Marian had offered to watch my luggage while I went to get my bagel earlier and she happened to sit next to me on the plane as well. We spoke for at least 40 minutes on the plane about her annual trip to Uruguay to visit her 56-year-old son that lives there. She spoke about how beautiful the country is and told me all of the places she and her husband had traveled before. Thankfully, the airline was competent enough to take care of the elderly so that Marian, and other senior citizens were able to get a hotel room overnight.

I also learned a valuable lesson. Always pack your toothbrush in your carry on, not with your toiletries in your checked bag. I woke up with morning breath and no toothbrush. No worries, I figured that one out too. But $6 for a toothbrush is a rip-off.

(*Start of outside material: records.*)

(* Let $\mathcal{A}=M_n(\mathbb{F})$ be endowed with an involution $*$, let $\mathcal{A}^+=\{a:a^*=a\}$, $\mathcal{A}^-=\{a:a^*=-a\}$, and let $u\in\mathcal{A}$ be invertible. Then: (1) if $*$ is the transpose involution and $u^{-1}\mathcal{A}^+u\subseteq\mathcal{A}^+$, then $u^{-1}\mathcal{A}^-u\subseteq\mathcal{A}^-$; (2) if $n=2k$, $*$ is the symplectic involution, and $u^{-1}\mathcal{A}^-u\subseteq\mathcal{A}^-$, then $u^{-1}\mathcal{A}^+u\subseteq\mathcal{A}^+$.
   Context: The symplectic involution on $M_{2k}(\mathbb{F})$ is $\begin{pmatrix}A&B\\C&D\end{pmatrix}^s=\begin{pmatrix}D^t&-B^t\\-C^t&A^t\end{pmatrix}$ for $A,B,C,D\in M_k(\mathbb{F})$. *)

theory Defs
  imports "HOL-Analysis.Analysis"
begin

text \<open>Matrices in M_n(F) are rendered as 'a^'n^'n (row index first).
  For M_{2k}(F) the index type is 'k + 'k: Inl i is the i-th index of the first
  block, Inr i the i-th index of the second block, so that
  X = [[A, B], [C, D]] with A i j = X$Inl i$Inl j, B i j = X$Inl i$Inr j,
  C i j = X$Inr i$Inl j, D i j = X$Inr i$Inr j.\<close>

definition symplectic_inv ::
  "'a::ring_1 ^ ('k::finite + 'k) ^ ('k + 'k) \<Rightarrow> 'a ^ ('k + 'k) ^ ('k + 'k)" where
  "symplectic_inv X = (\<chi> r c. case (r, c) of
      (Inl i, Inl j) \<Rightarrow> X $ Inr j $ Inr i
    | (Inl i, Inr j) \<Rightarrow> - (X $ Inl j $ Inr i)
    | (Inr i, Inl j) \<Rightarrow> - (X $ Inr j $ Inl i)
    | (Inr i, Inr j) \<Rightarrow> X $ Inl j $ Inl i)"

definition sym_elems :: "('m \<Rightarrow> 'm) \<Rightarrow> 'm set" where
  "sym_elems invol = {a. invol a = a}"

definition skew_elems :: "('m::uminus \<Rightarrow> 'm) \<Rightarrow> 'm set" where
  "skew_elems invol = {a. invol a = - a}"

end

theory Submission
  imports Defs
begin

text \<open>For a unital anti-homomorphism \<open>f\<close> of the matrix ring and \<open>X\<close> with
  \<open>f X = \<plusminus>X\<close>, the conjugate \<open>u\<^sup>-\<^sup>1 X u\<close> again satisfies this equation iff \<open>u f(u)\<close>
  commutes with \<open>X\<close>. The symmetric matrices (for the transpose) and the skew matrices (for
  the symplectic involution) contain enough matrix units to force every matrix commuting
  with all of them to be scalar. So under either hypothesis \<open>u f(u)\<close> is scalar, hence
  commutes with every matrix, and the other eigenspace of \<open>f\<close> is preserved as well.\<close>

lemma matrix_add_rdistrib:
  fixes A :: "'a::semiring_1^'n::finite^'m"
  shows "(A + B) ** C = A ** C + B ** C"
  by (simp add: vec_eq_iff matrix_matrix_mult_def distrib_right sum.distrib)

lemma matrix_mul_uminus_right:
  fixes A :: "'a::ring_1^'n::finite^'m"
  shows "A ** (- B) = - (A ** B)"
  by (simp add: vec_eq_iff matrix_matrix_mult_def sum_negf)

lemma matrix_mul_uminus_left:
  fixes A :: "'a::ring_1^'n::finite^'m"
  shows "(- A) ** B = - (A ** B)"
  by (simp add: vec_eq_iff matrix_matrix_mult_def sum_negf)

lemma mat_commute:
  fixes A :: "'a::comm_semiring_1^'n::finite^'n"
  shows "mat c ** A = A ** mat c"
  by (simp add: vec_eq_iff matrix_matrix_mult_def mat_def if_distrib if_distribR mult.commute
      cong: if_cong)

lemma matrix_inv_right:
  assumes "invertible (A::'a::semiring_1^'n::finite^'m)"
  shows "A ** matrix_inv A = mat 1"
  using someI_ex[OF assms[unfolded invertible_def]] by (simp add: matrix_inv_def)

lemma matrix_inv_left:
  assumes "invertible (A::'a::semiring_1^'n::finite^'m)"
  shows "matrix_inv A ** A = mat 1"
  using someI_ex[OF assms[unfolded invertible_def]] by (simp add: matrix_inv_def)

lemma invertible_matrix_mul_cancel:
  fixes A :: "'a::semiring_1^'n::finite^'n"
  assumes "invertible A" "invertible B"
  shows "A ** X ** B = A ** Y ** B \<longleftrightarrow> X = Y"
proof
  assume "A ** X ** B = A ** Y ** B"
  then have "matrix_inv A ** (A ** X ** B) ** matrix_inv B
      = matrix_inv A ** (A ** Y ** B) ** matrix_inv B" by simp
  then show "X = Y"
    by (simp add: matrix_mul_assoc matrix_inv_left[OF assms(1)]
        flip: matrix_mul_assoc[of _ B] add: matrix_inv_right[OF assms(2)])
qed simp

definition matrix_unit :: "'n::finite \<Rightarrow> 'n \<Rightarrow> 'a::semiring_1^'n^'n" where
  "matrix_unit x y = (\<chi> a b. if a = x \<and> b = y then 1 else 0)"

lemma matrix_mul_matrix_unit:
  "(P ** matrix_unit x y) $ a $ b = (if b = y then P $ a $ x else 0)"
  by (simp add: matrix_matrix_mult_def matrix_unit_def if_distrib if_distribR cong: if_cong)

lemma matrix_unit_mul_matrix:
  "(matrix_unit x y ** P) $ a $ b = (if a = x then P $ y $ b else 0)"
  by (simp add: matrix_matrix_mult_def matrix_unit_def if_distrib if_distribR cong: if_cong)

lemma transpose_matrix_unit: "transpose (matrix_unit x y) = matrix_unit y x"
  by (auto simp: vec_eq_iff transpose_def matrix_unit_def)

lemma transpose_add: "transpose (A + B) = transpose A + transpose B"
  by (simp add: vec_eq_iff transpose_def)

lemma commute_matrix_unit_column:
  assumes "P ** matrix_unit x y = matrix_unit x y ** P" "a \<noteq> x"
  shows "P $ a $ x = 0"
  using arg_cong[OF assms(1), of "\<lambda>M. M $ a $ y"] assms(2)
  by (simp add: matrix_mul_matrix_unit matrix_unit_mul_matrix)

lemma commute_matrix_unit_diagonal:
  assumes "P ** matrix_unit x y = matrix_unit x y ** P"
  shows "P $ x $ x = P $ y $ y"
  using arg_cong[OF assms(1), of "\<lambda>M. M $ x $ y"]
  by (simp add: matrix_mul_matrix_unit matrix_unit_mul_matrix)

lemma commute_matrix_unit_add_diagonal:
  assumes "P ** (matrix_unit x y + matrix_unit p q) = (matrix_unit x y + matrix_unit p q) ** P"
    and "y \<noteq> q" "x \<noteq> p"
  shows "P $ x $ x = P $ y $ y"
  using arg_cong[OF assms(1), of "\<lambda>M. M $ x $ y"] assms(2,3)
  by (simp add: matrix_add_ldistrib matrix_add_rdistrib matrix_mul_matrix_unit
      matrix_unit_mul_matrix)

lemma eq_mat_if_scalar_entries:
  assumes "\<And>a b. a \<noteq> b \<Longrightarrow> P $ a $ b = 0" "\<And>a b. P $ a $ a = P $ b $ b"
  shows "P = mat (P $ c $ c)"
  using assms by (auto simp: vec_eq_iff mat_def)

lemma sum_UNIV_Plus:
  "sum f (UNIV::('k::finite + 'k) set) = (\<Sum>l\<in>UNIV. f (Inl l)) + (\<Sum>l\<in>UNIV. f (Inr l))"
  using sum.Plus[of "UNIV::'k set" "UNIV::'k set" f] by (simp add: comp_def)

lemma symplectic_inv_matrix_mul:
  fixes X :: "'a::comm_ring_1^('k::finite + 'k)^('k + 'k)"
  shows "symplectic_inv (X ** Y) = symplectic_inv Y ** symplectic_inv X"
proof -
  have "symplectic_inv (X ** Y) $ r $ c = (symplectic_inv Y ** symplectic_inv X) $ r $ c" for r c
    by (cases r; cases c) (simp_all add: symplectic_inv_def matrix_matrix_mult_def sum_UNIV_Plus
        algebra_simps sum_negf)
  then show ?thesis by (simp add: vec_eq_iff)
qed

lemma symplectic_inv_mat_one:
  "symplectic_inv (mat 1 :: 'a::ring_1^('k::finite + 'k)^('k + 'k)) = mat 1"
proof -
  have "symplectic_inv (mat 1 :: 'a^('k + 'k)^('k + 'k)) $ r $ c = mat 1 $ r $ c" for r c
    by (cases r; cases c) (simp_all add: symplectic_inv_def mat_def)
  then show ?thesis by (simp add: vec_eq_iff)
qed

lemma symplectic_inv_add:
  "symplectic_inv (X + Y :: 'a::ring_1^('k::finite + 'k)^('k + 'k))
    = symplectic_inv X + symplectic_inv Y"
proof -
  have "symplectic_inv (X + Y) $ r $ c = (symplectic_inv X + symplectic_inv Y) $ r $ c" for r c
    by (cases r; cases c) (simp_all add: symplectic_inv_def)
  then show ?thesis by (simp add: vec_eq_iff)
qed

lemma symplectic_inv_matrix_unit_Inl_Inr:
  "symplectic_inv (matrix_unit (Inl i) (Inr j) :: 'a::ring_1^('k::finite + 'k)^('k + 'k))
    = - matrix_unit (Inl j) (Inr i)"
proof -
  have "symplectic_inv (matrix_unit (Inl i) (Inr j) :: 'a^('k + 'k)^('k + 'k)) $ r $ c
      = (- matrix_unit (Inl j) (Inr i)) $ r $ c" for r c
    by (cases r; cases c) (auto simp: symplectic_inv_def matrix_unit_def)
  then show ?thesis by (simp add: vec_eq_iff)
qed

lemma symplectic_inv_matrix_unit_Inr_Inl:
  "symplectic_inv (matrix_unit (Inr i) (Inl j) :: 'a::ring_1^('k::finite + 'k)^('k + 'k))
    = - matrix_unit (Inr j) (Inl i)"
proof -
  have "symplectic_inv (matrix_unit (Inr i) (Inl j) :: 'a^('k + 'k)^('k + 'k)) $ r $ c
      = (- matrix_unit (Inr j) (Inl i)) $ r $ c" for r c
    by (cases r; cases c) (auto simp: symplectic_inv_def matrix_unit_def)
  then show ?thesis by (simp add: vec_eq_iff)
qed

locale matrix_antihom =
  fixes f :: "'a::comm_ring_1^'n::finite^'n \<Rightarrow> 'a^'n^'n"
  assumes f_matrix_mul: "f (X ** Y) = f Y ** f X"
    and f_mat_one: "f (mat 1) = mat 1"
begin

lemma f_matrix_inv_left:
  assumes "invertible u"
  shows "f u ** f (matrix_inv u) = mat 1"
  using f_matrix_mul[of "matrix_inv u" u] by (simp add: matrix_inv_left[OF assms] f_mat_one)

lemma f_matrix_inv_right:
  assumes "invertible u"
  shows "f (matrix_inv u) ** f u = mat 1"
  using f_matrix_mul[of u "matrix_inv u"] by (simp add: matrix_inv_right[OF assms] f_mat_one)

lemma invertible_f:
  assumes "invertible u"
  shows "invertible (f u)"
  using f_matrix_inv_left[OF assms] f_matrix_inv_right[OF assms] by (auto simp: invertible_def)

lemma f_conj_eq_conj_iff_commute:
  assumes "invertible u"
  shows "f (matrix_inv u ** X ** u) = matrix_inv u ** f X ** u
    \<longleftrightarrow> (u ** f u) ** f X = f X ** (u ** f u)"
proof -
  have "u ** f (matrix_inv u ** X ** u) ** f u = u ** f u ** f X ** (f (matrix_inv u) ** f u)"
    by (simp add: f_matrix_mul matrix_mul_assoc)
  also have "\<dots> = (u ** f u) ** f X"
    by (simp add: f_matrix_inv_right[OF assms] matrix_mul_assoc)
  finally have lhs: "u ** f (matrix_inv u ** X ** u) ** f u = (u ** f u) ** f X" .
  have "u ** (matrix_inv u ** f X ** u) ** f u = (u ** matrix_inv u) ** f X ** u ** f u"
    by (simp add: matrix_mul_assoc)
  also have "\<dots> = f X ** (u ** f u)"
    by (simp add: matrix_inv_right[OF assms] matrix_mul_assoc)
  finally have rhs: "u ** (matrix_inv u ** f X ** u) ** f u = f X ** (u ** f u)" .
  show ?thesis
    using invertible_matrix_mul_cancel[OF assms invertible_f[OF assms]] lhs rhs by metis
qed

lemma conj_image_sym_elems_subset_iff:
  assumes "invertible u"
  shows "(\<lambda>a. matrix_inv u ** a ** u) ` sym_elems f \<subseteq> sym_elems f
    \<longleftrightarrow> (\<forall>X\<in>sym_elems f. (u ** f u) ** X = X ** (u ** f u))"
proof -
  have "matrix_inv u ** X ** u \<in> sym_elems f \<longleftrightarrow> (u ** f u) ** X = X ** (u ** f u)"
    if "X \<in> sym_elems f" for X
    using f_conj_eq_conj_iff_commute[OF assms, of X] that by (simp add: sym_elems_def)
  then show ?thesis by blast
qed

lemma conj_image_skew_elems_subset_iff:
  assumes "invertible u"
  shows "(\<lambda>a. matrix_inv u ** a ** u) ` skew_elems f \<subseteq> skew_elems f
    \<longleftrightarrow> (\<forall>X\<in>skew_elems f. (u ** f u) ** X = X ** (u ** f u))"
proof -
  have "matrix_inv u ** X ** u \<in> skew_elems f \<longleftrightarrow> (u ** f u) ** X = X ** (u ** f u)"
    if "X \<in> skew_elems f" for X
    using f_conj_eq_conj_iff_commute[OF assms, of X] that
    by (simp add: skew_elems_def matrix_mul_uminus_left matrix_mul_uminus_right)
  then show ?thesis by blast
qed

end

interpretation transpose: matrix_antihom "transpose :: 'a::comm_ring_1^'n::finite^'n \<Rightarrow> _"
  by unfold_locales (simp_all add: matrix_transpose_mul)

interpretation symplectic_inv:
  matrix_antihom "symplectic_inv :: 'a::comm_ring_1^('k::finite + 'k)^('k + 'k) \<Rightarrow> _"
  by unfold_locales (simp_all add: symplectic_inv_matrix_mul symplectic_inv_mat_one)

lemma commute_sym_elems_transpose_imp_scalar:
  fixes P :: "'a::comm_ring_1^'n::finite^'n"
  assumes commute: "\<forall>X\<in>sym_elems transpose. P ** X = X ** P"
  shows "\<exists>c. P = mat c"
proof -
  have "P $ a $ b = 0" if "a \<noteq> b" for a b
    using commute that
    by (intro commute_matrix_unit_column[of P b b]) (auto simp: sym_elems_def transpose_matrix_unit)
  moreover have "P $ a $ a = P $ b $ b" for a b
  proof (cases "a = b")
    case False
    have "matrix_unit a b + matrix_unit b a \<in> sym_elems transpose"
      by (simp add: sym_elems_def transpose_add transpose_matrix_unit add.commute)
    with commute False show ?thesis by (intro commute_matrix_unit_add_diagonal) auto
  qed simp
  ultimately show ?thesis using eq_mat_if_scalar_entries by blast
qed

lemma commute_skew_elems_symplectic_inv_imp_scalar:
  fixes P :: "'a::comm_ring_1^('k::finite + 'k)^('k + 'k)"
  assumes commute: "\<forall>X\<in>skew_elems symplectic_inv. P ** X = X ** P"
  shows "\<exists>c. P = mat c"
proof -
  have skew_Inl_Inr: "matrix_unit (Inl i) (Inr i) \<in> skew_elems symplectic_inv"
    and skew_Inr_Inl: "matrix_unit (Inr i) (Inl i) \<in> skew_elems symplectic_inv" for i
    by (simp_all add: skew_elems_def symplectic_inv_matrix_unit_Inl_Inr
        symplectic_inv_matrix_unit_Inr_Inl)
  have "P $ a $ b = 0" if "a \<noteq> b" for a b
  proof (cases b)
    case (Inl i)
    then show ?thesis
      using commute skew_Inl_Inr that by (intro commute_matrix_unit_column[of P b "Inr i"]) auto
  next
    case (Inr i)
    then show ?thesis
      using commute skew_Inr_Inl that by (intro commute_matrix_unit_column[of P b "Inl i"]) auto
  qed
  moreover have Inl_Inr: "P $ Inl i $ Inl i = P $ Inr j $ Inr j" for i j
  proof (cases "i = j")
    case True
    then show ?thesis using commute skew_Inl_Inr by (intro commute_matrix_unit_diagonal) auto
  next
    case False
    have "matrix_unit (Inl i) (Inr j) + matrix_unit (Inl j) (Inr i) \<in> skew_elems symplectic_inv"
      by (simp add: skew_elems_def symplectic_inv_add symplectic_inv_matrix_unit_Inl_Inr
          add.commute)
    with commute False show ?thesis by (intro commute_matrix_unit_add_diagonal) auto
  qed
  moreover have "P $ a $ a = P $ b $ b" for a b
    by (cases a; cases b) (metis Inl_Inr)+
  ultimately show ?thesis using eq_mat_if_scalar_entries by blast
qed

theorem mainTheorem13:
  fixes u :: "'a::field ^ 'n::finite ^ 'n"
    and v :: "'a ^ ('k::finite + 'k) ^ ('k + 'k)"
  shows "(invertible u \<and>
            (\<lambda>a. matrix_inv u ** a ** u) ` sym_elems transpose \<subseteq> sym_elems transpose
          \<longrightarrow> (\<lambda>a. matrix_inv u ** a ** u) ` skew_elems transpose \<subseteq> skew_elems transpose)
       \<and> (invertible v \<and>
            (\<lambda>a. matrix_inv v ** a ** v) ` skew_elems symplectic_inv \<subseteq> skew_elems symplectic_inv
          \<longrightarrow> (\<lambda>a. matrix_inv v ** a ** v) ` sym_elems symplectic_inv \<subseteq> sym_elems symplectic_inv)"
proof (intro conjI impI; elim conjE)
  assume "invertible u"
    and "(\<lambda>a. matrix_inv u ** a ** u) ` sym_elems transpose \<subseteq> sym_elems transpose"
  then obtain c where "u ** transpose u = mat c"
    using commute_sym_elems_transpose_imp_scalar transpose.conj_image_sym_elems_subset_iff
    by blast
  then show "(\<lambda>a. matrix_inv u ** a ** u) ` skew_elems transpose \<subseteq> skew_elems transpose"
    using transpose.conj_image_skew_elems_subset_iff[OF \<open>invertible u\<close>] mat_commute by metis
next
  assume "invertible v"
    and "(\<lambda>a. matrix_inv v ** a ** v) ` skew_elems symplectic_inv \<subseteq> skew_elems symplectic_inv"
  then obtain c where "v ** symplectic_inv v = mat c"
    using commute_skew_elems_symplectic_inv_imp_scalar
      symplectic_inv.conj_image_skew_elems_subset_iff
    by blast
  then show "(\<lambda>a. matrix_inv v ** a ** v) ` sym_elems symplectic_inv \<subseteq> sym_elems symplectic_inv"
    using symplectic_inv.conj_image_sym_elems_subset_iff[OF \<open>invertible v\<close>] mat_commute by metis
qed

end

At about 10:00 a.m. I received another update to my phone.

EST. DEPARTURE TIME 2:30 p.m.—OK it’s a half an hour more, I can make it. BUT THE GATE WAS SWITCHED TO THE OPPOSITE END OF THE AIRPORT. Off I went again. I know I was an athlete back in the day, but holy cow my legs are ridiculously sore right now and my knee is a balloon.

When I got to gate 44 and took a seat, I met Lelen and Tavo. They were two beautiful human beings that reached out to me the night before to make sure I was alright on my own and explained any questions I had regarding what was going on. I sat with them and introduced myself and they explained to me how close they live to the hotel I am staying at and they were both extremely excited for me and my opportunity. Lelen also gave me two $24 food vouchers from the 10 she got last night while she had been complaining. We exchanged our social media accounts and they said if I need anything at all while I am there to let them know. I thanked them endlessly and then went and loaded up on snacks for the plane.

At 2:15 we received the last update.

EST. DEPARTURE TIME 3:17— But we did not leave at 3:17, it was delayed another 15 minutes after we got on the plane. Just one more pushback to make me even more anxious than I already was.

But on this 10.5 hour flight I realized something; It wasn’t just Marian, Lelen and Tavo. Those were just some of the names I remember. I came on this trip to advance my knowledge and abilities as a journalist. I was upset that I missed orientation, but I was able to meet and learn the stories of at least a dozen people in that 17-hour delay that I probably never would have talked to otherwise. I was talking to people and discovering their stories, just like any good journalist would do.